И все-таки в ноябре одна из таких несчастных второочередных дивизий добралась до Бескид и остановилась у подножия насквозь промерзших склонов перевала. Дивизия шла сюда форсированными переходами, — гналась за отходившим противником, голодная, кое-как одетая, с чесоточными лошадьми, держа каждый артиллерийский снаряд на учете. И вот — дошла. Высоко, высоко, на обрезе горного профиля, прислонившегося к ясному, бледноголубому зимнему небу, можно было легко различить щербатую линию окспов. С этих, как бы приклеенных к небу, горбаковсыпались вниз тучи пуль и осколков, — австрийские окопы стреляли. Дивизия остановилась у деревни Радошице — крохотного бедного селеньица из десятка курных хижин с несуразно высокими крышами. Через Радощице перебегало шоссе; верстах в трех от деревни оно взбиралось на обочину скалистого ущелья и на птичьей высоте огибало дно узенькой долины. Главные силы шли в ротных колоннах, с примкнутыми штыками, стремясь к ночлегу и натыкаясь на свои собственный авангард. Голубое небо чернело, чернело; тучи все ниже налегали на горы, и вдруг хлопья пушистого снега густо повалили из них на деревню. Сразу настала непроглядно темная ночь. Войска стояли на шоссе длинной кишкой. Сзади гремели подтягивавшиеся артиллерия и обозы. Шоссе превращалось в «пробку»…

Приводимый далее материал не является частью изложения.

text \<open>Suppose \<open>x \<noteq> 0\<close> but \<open>x_i (T x^(m-1))_i \<le> 0\<close> for every \<open>i\<close>, and let
  \<open>M = max_k \<bar>x_k\<bar> > 0\<close>. As \<open>m\<close> is even, \<open>x_i^m = \<bar>x_i\<bar>^m\<close>, so in row \<open>i\<close> the
  diagonal term is dominated by the off-diagonal ones:
  \<open>\<bar>x_i\<bar>^(m-1) t_i \<le> \<Sum> \<bar>t_(i i_2 ... i_m)\<bar> \<bar>x_(i_2)\<bar> ... \<bar>x_(i_m)\<bar>\<close>, where \<open>t_i\<close> is the
  \<open>i\<close>-th diagonal entry. Strong induction on \<open>i\<close> turns this into
  \<open>\<bar>x_i\<bar>^(m-1) t_i \<le> \<Lambda>_i M^(m-1)\<close>: for \<open>k < i\<close> the induction hypothesis gives
  \<open>\<bar>x_k\<bar> \<le> (\<Lambda>_k / t_k)^(1/(m-1)) M\<close>, every other \<open>\<bar>x_k\<bar>\<close> is at most \<open>M\<close>, and with
  these bounds the right-hand side is exactly the recursion defining \<open>\<Lambda>_i\<close>. At an
  index with \<open>\<bar>x_i\<bar> = M\<close> this contradicts \<open>\<Lambda>_i < t_i\<close>.\<close>

lemma finite_tuples: "finite (tuples k n)"
proof -
  have "tuples k n = {xs. set xs \<subseteq> {1..n} \<and> length xs = k}" by (auto simp: tuples_def)
  then show ?thesis using finite_lists_length_eq[of "{1..n}" k] by simp
qed

lemma tuples_0: "k \<ge> 1 \<Longrightarrow> tuples k 0 = {}"
  by (auto simp: tuples_def)

lemma length_Lambda_list: "length (Lambda_list T m n k) = k"
  by (induct k) (auto simp: Let_def)

lemma nth_Lambda_list: "1 \<le> j \<Longrightarrow> j \<le> k \<Longrightarrow> Lambda_list T m n k ! (j - 1) = Lambda T m n j"
proof (induct k)
  case (Suc k)
  then show ?case
    by (cases "j = Suc k") (auto simp: Lambda_def Let_def nth_append length_Lambda_list)
qed simp

definition Nekrasov_weight :: "(nat list \<Rightarrow> real) \<Rightarrow> nat \<Rightarrow> nat \<Rightarrow> nat \<Rightarrow> real" where
  "Nekrasov_weight T m n j = (Lambda T m n j / \<bar>diag T m j\<bar>) powr (1 / real (m - 1))"

lemma Lambda_rec:
  assumes "m \<ge> 2" "1 \<le> i"
  shows "Lambda T m n i =
    (\<Sum>js\<in>tuples (m - 1) (i - 1). \<bar>T (i # js)\<bar> * prod_list (map (Nekrasov_weight T m n) js))
    + (\<Sum>js\<in>tuples (m - 1) n - tuples (m - 1) (i - 1) - {replicate (m - 1) i}. \<bar>T (i # js)\<bar>)"
proof (cases "i = 1")
  case True
  then show ?thesis using assms tuples_0[of "m - 1"] by (simp add: Lambda_def R_row_def)
next
  case False
  then obtain k where k: "i = Suc k" "k \<ge> 1" using assms by (cases i) auto
  have "prod_list (map (\<lambda>j. (Lambda_list T m n k ! (j - 1) / \<bar>diag T m j\<bar>) powr (1 / real (m - 1))) js)
      = prod_list (map (Nekrasov_weight T m n) js)" if "js \<in> tuples (m - 1) (i - 1)" for js
  proof -
    have "Lambda_list T m n k ! (j - 1) = Lambda T m n j" if "j \<in> set js" for j
      using \<open>js \<in> tuples (m - 1) (i - 1)\<close> that k by (intro nth_Lambda_list) (auto simp: tuples_def)
    then show ?thesis by (simp add: Nekrasov_weight_def cong: map_cong)
  qed
  then have "(\<Sum>js\<in>tuples (m - 1) (i - 1). \<bar>T (i # js)\<bar> *
      prod_list (map (\<lambda>j. (Lambda_list T m n k ! (j - 1) / \<bar>diag T m j\<bar>) powr (1 / real (m - 1))) js))
    = (\<Sum>js\<in>tuples (m - 1) (i - 1). \<bar>T (i # js)\<bar> * prod_list (map (Nekrasov_weight T m n) js))"
    by (intro sum.cong) simp_all
  then show ?thesis using k by (simp add: Lambda_def Let_def nth_append length_Lambda_list)
qed

lemma Lambda_nonneg: "m \<ge> 2 \<Longrightarrow> 1 \<le> i \<Longrightarrow> 0 \<le> Lambda T m n i"
  by (subst Lambda_rec)
    (auto intro!: add_nonneg_nonneg sum_nonneg mult_nonneg_nonneg prod_list_nonneg
      simp: Nekrasov_weight_def)

lemma tensor_apply_eq_diag_plus_off_diag:
  assumes "m \<ge> 1" "i \<in> {1..n}"
  shows "tensor_apply T m n x i = diag T m i * x i ^ (m - 1)
    + (\<Sum>js\<in>tuples (m - 1) n - {replicate (m - 1) i}. T (i # js) * prod_list (map x js))"
proof -
  let ?r = "replicate (m - 1) i"
  have "?r \<in> tuples (m - 1) n" using assms(2) by (auto simp: tuples_def)
  then have "tensor_apply T m n x i = T (i # ?r) * prod_list (map x ?r)
      + (\<Sum>js\<in>tuples (m - 1) n - {?r}. T (i # js) * prod_list (map x js))"
    unfolding tensor_apply_def by (rule sum.remove[OF finite_tuples])
  moreover have "replicate m i = i # ?r" using assms(1) by (cases m) auto
  ultimately show ?thesis by (simp add: diag_def)
qed

lemma abs_prod_list_map: "\<bar>prod_list (map f xs)\<bar> = prod_list (map (\<lambda>k. \<bar>f k\<bar>) xs)"
  for f :: "'a \<Rightarrow> 'b::linordered_idom"
  by (induct xs) (auto simp: abs_mult)

lemma prod_list_map_mono:
  fixes f g :: "'a \<Rightarrow> 'b::linordered_semidom"
  assumes "\<And>k. k \<in> set xs \<Longrightarrow> 0 \<le> f k \<and> f k \<le> g k"
  shows "prod_list (map f xs) \<le> prod_list (map g xs)"
  using assms
proof (induct xs)
  case (Cons a xs)
  then show ?case by (auto intro!: mult_mono prod_list_nonneg order_trans[of 0 "f a" "g a"])
qed simp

Реку переходили по мостам, наведенным саперами. Высокий сутулый подпоручик, заведывавший наводкой одного из таких мостов, целые сутки простоял у схода, пропуская войска и отказываясь от замены. Под косым проливным дождем и холодным, режущим лицо ветром он выстоял себе память навек об этой переправе. Там, где минуту назад хлестнуло огненной волной, выбросив кверху одинокую винтовку, теперь торчит из воды сапог. Но чем ужаснее и бесповоротнее совершающееся рядом, тем впечатления мгновенней. Вот шапка жмет ухо, — неудобно. Вот солдат в шинели наизнанку, — зачем это он так? А вот люди выбираются на берег по мокрому, скользкому снегу и бегут туда, где черно-красная полоска австрийского огня живет и колышется за проволокой и бетоном…

…Бой на перевале начался рано утром и продолжался десять дней. Синеватые предгорья ползли вверх, в облака. Даже над облаками маячили их темные головы, — это и был перевал. Ветер налетал, а старые сосны негодующе и грозно шумели в лесных чащобах. Перевал был сильно укреплен австрийцами: оборона ярусная; переправы и подступы защищены фланговым огнем; обстрел превосходный. Что ни день, менялась погода. Гололедица то сковывалась морозом, то раскисала в дождях и оттепели. Артиллерия выбивалась из сил. Припрягались лишние уносы; орудия и зарядные ящики поочереди втаскивались на холмы; номера и лошади дружно работали в одном ярме. Но все это была легкая артиллерия, к тому же почти не имевшая снарядов. Подавить огонь тяжелых австрийских пушек она не могла. Плохо воевать в горах без горных орудий. Деревня Радошице ни днем, ни ночью не выходила из-под навесного австрийского огня. А между тем именно здесь стояли и штаб дивизии и полковые штабы. Итак, взять Бескиды фронтальным ударом было невозможно…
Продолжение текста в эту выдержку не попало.